# Guardians of the Galaxy - Blu-ray Review



## Mike Edwards (Mar 10, 2011)

[img]http://www.hometheatershack.com/gallery/file.php?n=34577[/img] 
*Title: Guardians of the Galaxy* 

*Movie:* :4.5stars:
*Video:* :5stars:
*Audio:* :5stars: 
*Extras:* :2.5stars: 

*HTS Overall Score:*93




[img]http://www.hometheatershack.com/gallery/file.php?n=34585[/img]*Summary*
“Guardians of the Galaxy” has to be Marvel’s Hail Mary. It was a movie, that by all early inclinations, should NOT have done as well as it did. “Guardians” is a one of Marvel’s lesser known comics, a comic that doesn’t take itself too seriously and features some unknown heroes. I mean, when you see a trailer about a bunch of people that no one in the public Marvel movie universe has heard of, with a talking raccoon and a humanoid tree that says three words, a few eyebrows were raised. I have to admit that I was one of them. I knew who they were, being a lover of print comics, but even I was worried how they would fit into the established universe that had been paved by “Iron Man”, “Hulk”, and “Captain America”. Color me extremely surprised when the theatrical reviews started pouring in with overwhelming praise and support. I had to go out and see it for myself and I was not let down in the slightest.

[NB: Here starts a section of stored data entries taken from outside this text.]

lemma path_adj_walk_unique:
  assumes "successively path_adj A" "successively path_adj B" "distinct A" "distinct B"
    and "set A = set B" "hd A = hd B"
  shows "A = B"
proof -
  have len: "length A = length B" using assms(3-5) by (metis distinct_card)
  consider "length A \<le> 1" | "Suc 0 < length A" by linarith
  then show ?thesis
  proof cases
    case 1
    then show ?thesis using len assms(6) by (cases A; cases B) auto
  next
    case 2
    obtain dA where dA: "\<bar>dA\<bar> = 1" "\<And>j. j < length A \<Longrightarrow> int (A ! j) = int (A ! 0) + dA * int j"
      using path_adj_progression[OF assms(1,3) 2] by metis
    obtain dB where dB: "\<bar>dB\<bar> = 1" "\<And>j. j < length B \<Longrightarrow> int (B ! j) = int (B ! 0) + dB * int j"
      using path_adj_progression[OF assms(2,4)] 2 len by metis
    have "A \<noteq> []" "B \<noteq> []" using 2 len by auto
    then have hd0: "A ! 0 = B ! 0" using assms(6) by (simp add: hd_conv_nth)
    obtain j where j: "j < length B" "B ! j = A ! 1"
      using nth_mem[of 1 A] assms(5) 2 by (metis in_set_conv_nth One_nat_def)
    then have "dB * int j = dA" using dA(2)[of 1] dB(2)[of j] hd0 2 by simp
    then have "dA = dB" using dA(1) dB(1) by (auto simp: abs_mult abs_if split: if_splits)
    show ?thesis
    proof (rule nth_equalityI)
      fix i assume "i < length A"
      then have "int (A ! i) = int (B ! i)" using len dA(2) dB(2) hd0 \<open>dA = dB\<close> by simp
      then show "A ! i = B ! i" by simp
    qed (fact len)
  qed
qed

lemma successively_path_adj_upt: "successively path_adj [a..<b]"
  by (simp add: successively_conv_nth path_adj_def del: upt_Suc)

lemma is_walk_iff_successively:
  "is_walk E R ws \<longleftrightarrow> ws \<noteq> [] \<and> set ws \<subseteq> R \<and> successively E ws"
  unfolding is_walk_def successively_conv_nth by blast

lemma shortest_cover_walk_from_path_adj:
  assumes "successively path_adj L" "distinct L" "L \<noteq> []"
    and "shortest_cover_walk_from path_adj (set L) (hd L) W"
  shows "W = L"
proof -
  have "is_walk path_adj (set L) L" using assms(1,3) by (simp add: is_walk_iff_successively)
  then have "length W \<le> length L" "set W = set L" "hd W = hd L" "successively path_adj W"
    using assms(4) unfolding shortest_cover_walk_from_def is_walk_iff_successively by auto
  then show ?thesis using path_adj_walk_unique distinct_if_length_le assms(1,2) by metis
qed

lemma shortest_cover_walk_path_adj:
  assumes "shortest_cover_walk path_adj {1..n} P"
  shows "successively path_adj P" "distinct P" "set P = {1..n}" "length P = n"
proof -
  show P: "successively path_adj P" "set P = {1..n}"
    using assms unfolding shortest_cover_walk_def is_walk_iff_successively by auto
  have "P \<noteq> []" using assms unfolding shortest_cover_walk_def is_walk_def by blast
  then have "1 \<le> n" using P(2) by (metis atLeastatMost_empty_iff2 le_less_linear set_empty2)
  have cover: "set [1..<Suc n] = {1..n}" by (simp only: set_upt atLeastLessThanSuc_atLeastAtMost)
  have "is_walk path_adj {1..n} [1..<Suc n]"
    unfolding is_walk_iff_successively using \<open>1 \<le> n\<close> cover
    by (simp add: successively_path_adj_upt del: upt_Suc)
  then have "length P \<le> length [1..<Suc n]"
    using assms cover unfolding shortest_cover_walk_def by blast
  then show "distinct P" using distinct_if_length_le[OF distinct_upt] P(2) cover by metis
  then show "length P = n" using P(2) distinct_card by fastforce
qed

lemma cnot_cost_append_Had: "cnot_cost (xs @ Had h # ys) = cnot_cost xs + cnot_cost ys"
  by (induction xs rule: cnot_cost.induct) auto

lemma cascade_loop_distinct:
  "distinct ws \<Longrightarrow> U \<inter> set (tl ws) = {} \<Longrightarrow>
   cnot_cost (fst (cascade_loop r False U pl ws)) = 3 * (length ws - 1) \<and>
   map (snd (cascade_loop r False U pl ws)) ws = rotate1 (map pl ws) \<and>
   (\<forall>v. v \<notin> set ws \<longrightarrow> snd (cascade_loop r False U pl ws) v = pl v)"
proof (induction ws arbitrary: U pl)
  case (Cons a ws)
  show ?case
  proof (cases ws)
    case (Cons b rest)
    obtain g pl' where loop: "cascade_loop r False (insert b U) (swap_pl pl a b) (b # rest) = (g, pl')"
      by fastforce
    have "b \<notin> U" "\<not> (rest \<noteq> [] \<and> hd rest = a)" using Cons.prems Cons by (auto simp: neq_Nil_conv)
    then have "cascade_loop r False U pl (a # b # rest) =
        (CR b a (int (pl b) - int r) # SWAP a b # g, pl')"
      using loop by (auto simp: Let_def)
    moreover have "cnot_cost g = 3 * length rest \<and>
        map pl' (b # rest) = rotate1 (map (swap_pl pl a b) (b # rest)) \<and>
        (\<forall>v. v \<notin> set (b # rest) \<longrightarrow> pl' v = swap_pl pl a b v)"
      using Cons.IH[of "insert b U" "swap_pl pl a b"] Cons.prems Cons loop by auto
    moreover have "map (swap_pl pl a b) rest = map pl rest" using Cons.prems Cons by (auto simp: swap_pl_def)
    ultimately show ?thesis using Cons.prems Cons by (auto simp: swap_pl_def)
  qed simp
qed simp

definition cascade_cost :: "nat \<Rightarrow> nat" where
  "cascade_cost k = (if k = 2 then 2 else 3 * (k - 1))"

lemma cascade_distinct:
  assumes "distinct L" "L \<noteq> []"
  obtains g pl' x L' where "cascade r L pl = (Had (hd L) # g, pl')"
    "cnot_cost g = cascade_cost (length L)" "L' = butlast L \<or> L' = tl L"
    "set L = insert x (set L')" "x \<notin> set L'" "map pl' L' = tl (map pl L)" "pl' x = pl (hd L)"
    "\<forall>v. v \<notin> set L \<longrightarrow> pl' v = pl v"
proof -
  consider x where "L = [x]" | a b where "L = [a, b]" | "3 \<le> length L"
  proof (cases L rule: remdups_adj.cases)
    case (3 a b xs)
    then show ?thesis using that by (cases xs) auto
  qed (use assms(2) in auto)
  then show ?thesis
  proof cases
    case (1 x)
    then show ?thesis
      by (intro that[where g = "[]" and pl' = pl and x = x and L' = "[]"])
        (simp_all add: cascade_def cascade_cost_def)
  next
    case (2 a b)
    then show ?thesis using assms(1)
      by (intro that[where g = "[CR b a (int (pl b) - int r)]" and pl' = pl and x = a and L' = "[b]"])
        (simp_all add: cascade_def cascade_cost_def Let_def)
  next
    case 3
    obtain g pl' where loop: "cascade_loop r False {} pl L = (g, pl')" by fastforce
    then have g: "cnot_cost g = 3 * (length L - 1)" and rot: "map pl' L = rotate1 (map pl L)"
      and "\<forall>v. v \<notin> set L \<longrightarrow> pl' v = pl v"
      using cascade_loop_distinct[OF assms(1), of "{}" r pl] by auto
    moreover have "cascade r L pl = (Had (hd L) # g, pl')" using loop 3 by (simp add: cascade_def)
    moreover have "map pl' (butlast L) = tl (map pl L)"
      unfolding map_butlast rot by (cases "map pl L") simp_all
    moreover have "pl' (last L) = pl (hd L)"
    proof -
      have "pl' (last L) = last (rotate1 (map pl L))"
        unfolding rot[symmetric] using assms(2) by (rule last_map[symmetric])
      then show ?thesis using assms(2) by (cases L) simp_all
    qed
    moreover have split: "butlast L @ [last L] = L" using assms(2) by (rule append_butlast_last_id)
    then have "set L = insert (last L) (set (butlast L))"
      by (metis Un_insert_right empty_set list.simps(15) set_append sup_bot.right_neutral)
    moreover have "last L \<notin> set (butlast L)"
      using assms(1) split by (metis distinct_append disjoint_iff list.set_intros(1))
    ultimately show ?thesis using 3
      by (intro that[where g = g and pl' = pl' and x = "last L" and L' = "butlast L"])
        (auto simp: cascade_cost_def)
  qed
qed

lemma init_pl_distinct: "distinct P \<Longrightarrow> map (init_pl P) P = [1..<Suc (length P)]"
proof (rule nth_equalityI)
  fix i assume "distinct P" "i < length (map (init_pl P) P)"
  then have "(LEAST j. j < length P \<and> P ! j = P ! i) = i"
    by (intro Least_equality) (auto simp: nth_eq_iff_index_eq)
  then show "map (init_pl P) P ! i = [1..<Suc (length P)] ! i"
    using \<open>distinct P\<close> \<open>i < _\<close> by (simp add: init_pl_def distinct_remdups_id del: upt_Suc)
qed (simp del: upt_Suc)

lemma holder_eq_hd:
  assumes "distinct L" "L \<noteq> []" "set L \<subseteq> V" "map pl L = [r..<b]" "\<forall>v\<in>V - set L. pl v < r"
  shows "holder V pl r = hd L"
  unfolding holder_def
proof (rule the_equality)
  have "pl (hd L) = hd [r..<b]" using assms(2,4) by (metis hd_map)
  moreover have "r < b" using assms(2,4) by (metis Nil_is_map_conv upt_eq_Nil_conv not_le)
  ultimately show hd: "hd L \<in> V \<and> pl (hd L) = r" using assms(2,3) by auto
  fix v assume v: "v \<in> V \<and> pl v = r"
  then have "v \<in> set L" using assms(5) by force
  moreover have "inj_on pl (set L)" using assms(1,4) by (metis distinct_map distinct_upt)
  ultimately show "v = hd L" using v hd assms(2) by (metis inj_onD list.set_sel(1))
qed

definition qft_invariant :: "nat \<Rightarrow> nat \<Rightarrow> placement \<Rightarrow> nat list \<Rightarrow> bool" where
  "qft_invariant n m pl L \<longleftrightarrow> successively path_adj L \<and> distinct L \<and> set L \<subseteq> {1..n} \<and>
     map pl L = [Suc m..<Suc n] \<and> (\<forall>v\<in>{1..n} - set L. pl v \<le> m)"

lemma qft_invariant_length: "qft_invariant n m pl L \<Longrightarrow> length L = n - m"
  unfolding qft_invariant_def by (metis diff_Suc_Suc length_map length_upt)

lemma holder_qft_invariant:
  "qft_invariant n m pl L \<Longrightarrow> L \<noteq> [] \<Longrightarrow> holder {1..n} pl (Suc m) = hd L"
  unfolding qft_invariant_def
  by (intro holder_eq_hd[where b = "Suc n"]) (auto simp: less_Suc_eq_le simp del: upt_Suc)

lemma next_walk_eq:
  assumes "valid_choices path_adj {1..n} n P W" "0 < m"
    and "qft_state {1..n} P W m = (g, pl, set L)" "qft_invariant n m pl L" "L \<noteq> []"
  shows "W (Suc m) = L"
proof -
  have "m < n"
    using qft_invariant_length[OF assms(4)] assms(5) by (metis length_greater_0_conv zero_less_diff)
  then have "shortest_cover_walk_from path_adj (set L) (holder {1..n} pl (Suc m)) (W (Suc m))"
    using assms(1-3) unfolding valid_choices_def by (auto dest!: spec[of _ "Suc m"])
  then show ?thesis
    using shortest_cover_walk_from_path_adj holder_qft_invariant assms(4,5)
    unfolding qft_invariant_def by metis
qed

The movie revolves around a ragtag group of heroes who have to band together to save the galaxy from a fanatic Kree warrior named Ronan (played by an almost unrecognizable Lee Pace under a few gallons of makeup and body armor). The Kree and the Xandar have been at war for years and now that a peace treaty has been agreed upon, Ronan goes mad with anger. Teaming up with Thanos, he plans on destroying all of Xandar and with the help of Thanos’ two adopted daughters, Nebula (Karen Gillan) and Gamora (Zoe Saldana), he will crush the planet once and for all. For his help, Thanos requires only one thing, an orb containing one of the infinity stones which will give him power beyond compar. The only problem, that orb just so happens to be in the hands of a young human thief by the name of Peter Quill, aka Starlord (Chris Pratt). Sending out Gamora, Ronan attempts to retrieve the orb, only to find out that Gamora has plans of her own. In a clash epic proportions, Gamora, Peter, Drax (a vengeful alien who will do anything to avenge his family’s death at the hands of Ronan) and a talking raccoon bounty hunter by the name of Rocket (voiced by Bradley Cooper) with his personal bodyguard Groot (a humanoid tree), are forced into the same boat. That boat being a heap of trouble and a prison sentence.

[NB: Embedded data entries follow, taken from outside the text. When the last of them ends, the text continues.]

lemma pos_def_matrix_det_pos:
  fixes K :: "real^'n^'n"
  assumes "pos_def_matrix K"
  shows "0 < det K"
proof -
  obtain d :: "'n \<Rightarrow> real" where "\<And>i. 0 < d i" and "det K = (\<Prod>i\<in>UNIV. d i)"
    using pos_def_matrix_det_eq_prod[OF assms] by blast
  then show ?thesis by (simp add: prod_pos)
qed

lemma hadamard_inequality:
  fixes K :: "real^'n^'n"
  assumes "pos_def_matrix K"
  shows "det K \<le> (\<Prod>i\<in>UNIV. K $ i $ i)"
proof -
  obtain d where d: "\<And>i. 0 < d i" "\<And>i. d i \<le> K $ i $ i" and det: "det K = (\<Prod>i\<in>UNIV. d i)"
    using pos_def_matrix_det_eq_prod[OF assms] by blast
  have "(\<Prod>i\<in>UNIV. d i) \<le> (\<Prod>i\<in>UNIV. K $ i $ i)"
    by (rule prod_mono) (simp add: d less_imp_le)
  then show ?thesis by (simp add: det)
qed

section \<open>The scalar problem\<close>

lemma alpha_star_radicand_ge_1:
  fixes l b :: real
  assumes "l \<le> 0" and "0 \<le> b"
  shows "1 \<le> 1 - 4 * l * b"
proof -
  have "4 * l * b = 4 * (l * b)" by simp
  then show ?thesis using mult_nonpos_nonneg[OF assms] by linarith
qed

lemma alpha_star_eq:
  assumes "l \<le> 0" and "0 \<le> b"
  shows "alpha_star l b = 2 * b / (1 + sqrt (1 - 4 * l * b))"
proof (cases "l = 0")
  case False
  define s where "s = sqrt (1 - 4 * l * b)"
  have radicand: "1 \<le> 1 - 4 * l * b" by (rule alpha_star_radicand_ge_1[OF assms])
  then have "1 \<le> s" by (simp add: s_def)
  moreover have "s * s = 1 - 4 * l * b"
    using radicand unfolding s_def by (metis abs_of_nonneg order_trans zero_le_one real_sqrt_mult_self)
  ultimately show ?thesis
    unfolding alpha_star_def s_def[symmetric] using False by (simp add: field_simps)
qed (simp add: alpha_star_def)

lemma alpha_star_pos:
  assumes "l \<le> 0" and "0 < b"
  shows "0 < alpha_star l b"
proof -
  have "1 \<le> sqrt (1 - 4 * l * b)" using assms alpha_star_radicand_ge_1[of l b] by simp
  then have "0 < 1 + sqrt (1 - 4 * l * b)" by linarith
  then show ?thesis using assms by (simp add: alpha_star_eq)
qed

text \<open>alpha_star l b is the stationary point of a \<mapsto> b / a + ln a - l a.\<close>
lemma alpha_star_stationary:
  assumes "l \<le> 0" and "0 \<le> b"
  shows "alpha_star l b - l * (alpha_star l b)\<^sup>2 = b"
proof (cases "l = 0")
  case False
  define s where "s = sqrt (1 - 4 * l * b)"
  have ss: "s * s = 1 - 4 * l * b"
    using alpha_star_radicand_ge_1[OF assms] unfolding s_def
    by (metis abs_of_nonneg order_trans zero_le_one real_sqrt_mult_self)
  have "(s - 1) / (- 2 * l) - l * ((s - 1) / (- 2 * l))\<^sup>2 = (1 - s * s) / (4 * l)"
    using False by (simp add: field_simps power2_eq_square)
  also have "\<dots> = b" using False by (simp add: ss)
  finally show ?thesis unfolding alpha_star_def s_def[symmetric] using False by simp
qed (simp add: alpha_star_def)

Breaking out of jail, the unsuspecting and unintentional heroes soon come to realize just what it is they possess. Now their consciences come to the surface as they realize just what sort of pain and suffering Thanos and Ronan will unleash upon the galaxy. These infinity stones just happen to be the power of an entire galaxy’s creation forged into physical being. Much like the Tesseract and the Aether from “Thor 2”, it is a force of unspeakable power and soon to be in the hands of a madman. Realizing that they need to turn this over to the Xandarian government and the Nova Corp (a force of intergalactic police officers with incredible power of their own), they head out to Xandar only to be intercepted by Ronan and Nebula. With the orb gone, and with seemingly no chance at getting it back, they all band together to do the impossible. Take back the orb and kick Ronan’s butt back from whence he came. 

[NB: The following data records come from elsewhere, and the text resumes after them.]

lemma dominated_0: "dominated 0 \<mu>"
  unfolding dominated_def
proof (intro allI impI)
  fix x c :: "nat \<Rightarrow> real" assume "\<forall>k\<ge>0. x k = 0" and c: "c \<in> G"
  then have "(\<lambda>k. x k + c k) = c" by auto
  moreover obtain k where "k < n" "c k \<ge> 0" using nonneg_coord[OF c] by blast
  ultimately show "(\<Sum>k<0. \<mu> k * x k) \<le> gauge x c"
    unfolding gauge_def using max_coord_ge[of k n c] by simp
qed

lemma dominated_lower_le_upper:
  assumes "dominated m \<mu>" "\<forall>k\<ge>m. y k = 0" "\<forall>k\<ge>m. z k = 0" "c \<in> G" "d \<in> G"
  shows "(\<Sum>k<m. \<mu> k * y k) - gauge (\<lambda>k. y k - indicator {m} k) c
    \<le> gauge (\<lambda>k. z k + indicator {m} k) d - (\<Sum>k<m. \<mu> k * z k)"
proof -
  \<comment> \<open>the two shifts by the unit vector cancel\<close>
  have "(\<Sum>k<m. \<mu> k * (y k + z k)) \<le> gauge (\<lambda>k. y k + z k) (\<lambda>k. c k + d k)"
    using assms(1-3) add_in[OF assms(4,5)] unfolding dominated_def by auto
  then have "(\<Sum>k<m. \<mu> k * y k) + (\<Sum>k<m. \<mu> k * z k) \<le> gauge (\<lambda>k. y k + z k) (\<lambda>k. c k + d k)"
    by (simp add: distrib_left sum.distrib)
  also have "\<dots> \<le> gauge (\<lambda>k. y k - indicator {m} k) c + gauge (\<lambda>k. z k + indicator {m} k) d"
    using gauge_add_le[of "\<lambda>k. y k - indicator {m} k" "\<lambda>k. z k + indicator {m} k" c d] by simp
  finally show ?thesis by simp
qed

[img]http://www.hometheatershack.com/gallery/file.php?n=34593[/img]
As I mentioned earlier, “Guardians” is one of Marvel’s most ambitious projects in more ways than one. It certainly had the odds against it with the unknown angle, but it was also extremely ambitious in the whole world building aspect as it broadened the scope of Marvel movies from Earth and Asgard to an entire GALAXY of beings and planets. Simply put, “Guardians” resembles “Firefly” with aliens. Tons of worlds, the inclusion of the Collector, Thanos himself, Ronan and the Kree, the introduction of the famed Nova Corp (my only gripe with this one being they glossed over the fact that the Nova Corp themselves are INCREDIBLY powerful, something I hope they remedy in “Guardians of the Galaxy 2”). The Ragtag group of social misfits coming together is nothing new, but the types of characters thrown together certainly is. We have a raccoon that was experimented on until he gained sentience, a walking tree that can only say three words, an alien who only speak in literal terms, a cybernetically enhanced assassin and a womanizing smart mouth human. However, that’s what makes the movie special. Each of these characters are given a life and personality all their own. Rocket steals a lot of the show with his wise cracks and humor and this is the only time I think that I have ever been brought to tears by a talking tree that can only say 3 words. I liked Chris Pratt in his portrayal of Starlord and Zoe did a solid job as Gamora. The one that REALLY took me by surprise was Dave Bautista as Drax the Destroyer. I was certain he was going to be the weak link in the cast and he knocked it out of the park! My only real complaints with the cast is Michael Rooker as Starlord’s former boss, Yondu and John C. Reilly as the Nova Corp commander Dey. They both just seemed out of place. I understand that John C. Reilly was chosen for his comedic talents due to the humorous nature of the film, but still, it just felt off.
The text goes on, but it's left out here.